La cultura del libro, en fin, es de máxima concentración y la audiovisual de expansión máxima. Igualmente, el escenario amplio abierto sustituye a la encuadernación estricta y la intemperie del campo al confinamiento. De este modo diverso, a una cultura suave sucede otra agitada. A una insignia del saber culto, expresado por antonomasia durante siglos en el sigilo del libro, se superpone el ruidoso saber de la cultura pop democratizada y extendida en la sociedad del espectáculo.

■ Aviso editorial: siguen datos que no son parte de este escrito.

(* Let $G$ be a finite supersolvable group and $A$ a conjugacy class of $G$. Then $$\operatorname{dl}(G/\mathbf{C}_G(A))\le 2\,\eta(AA^{-1})-1.$$
   Context: For a nonempty subset $X\subseteq G$ that is $G$-invariant (i.e. $g^{-1}Xg=X$ for all $g\in G$), $\eta(X)$ denotes the number of distinct conjugacy classes of $G$ whose union is $X$. For conjugacy classes $A,B$, $AB=\{ab\mid a\in A,b\in B\}$ and $A^{-1}=\{a^{-1}\mid a\in A\}$, so $AA^{-1}=\{ab^{-1}\mid a,b\in A\}$, which is $G$-invariant. $\mathbf{C}_G(A)=\{g\in G\mid g^{-1}ag=a\text{ for all }a\in A\}$. $\operatorname{dl}$ denotes derived length. *)

theory Defs
  imports "HOL-Algebra.Algebra"
begin

definition cyclic_grp :: "('a, 'b) monoid_scheme \<Rightarrow> bool" where
  "cyclic_grp H \<longleftrightarrow> (\<exists>a \<in> carrier H. carrier H = generate H {a})"

definition supersolvable :: "('a, 'b) monoid_scheme \<Rightarrow> bool" where
  "supersolvable G \<longleftrightarrow>
     (\<exists>(r::nat) (N::nat \<Rightarrow> 'a set).
        N 0 = {\<one>\<^bsub>G\<^esub>} \<and> N r = carrier G \<and>
        (\<forall>i\<le>r. N i \<lhd> G) \<and>
        (\<forall>i<r. N i \<subseteq> N (Suc i) \<and>
               cyclic_grp ((G\<lparr>carrier := N (Suc i)\<rparr>) Mod (N i))))"

definition conj_class :: "('a, 'b) monoid_scheme \<Rightarrow> 'a \<Rightarrow> 'a set" where
  "conj_class G a = {inv\<^bsub>G\<^esub> g \<otimes>\<^bsub>G\<^esub> a \<otimes>\<^bsub>G\<^esub> g | g. g \<in> carrier G}"

definition conj_classes :: "('a, 'b) monoid_scheme \<Rightarrow> 'a set set" where
  "conj_classes G = {conj_class G a | a. a \<in> carrier G}"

Para casi todo aquel sujeto conspicuamente adiestrado en la etapa precedente el fútbol significa, a menudo, lo inculto. Pero el fútbol será, en este sentido, inculto sólo en la medida en que no se parezca en nada a la significación del saber libresco ni se avenga con sus santuarios. Será inculto -y anticultural- para aquellos feligreses del reino cultural anterior pero para la nueva época, saturada de saber audiovisual y ejercitada en la cultura de superficies, el fútbol representará no sólo un fenómeno propio de la cultura imperante sino, como hacen saber los millones de aficionados en todo el mundo, una muestra suprema de la nueva experiencia culturizada. El culto al fútbol.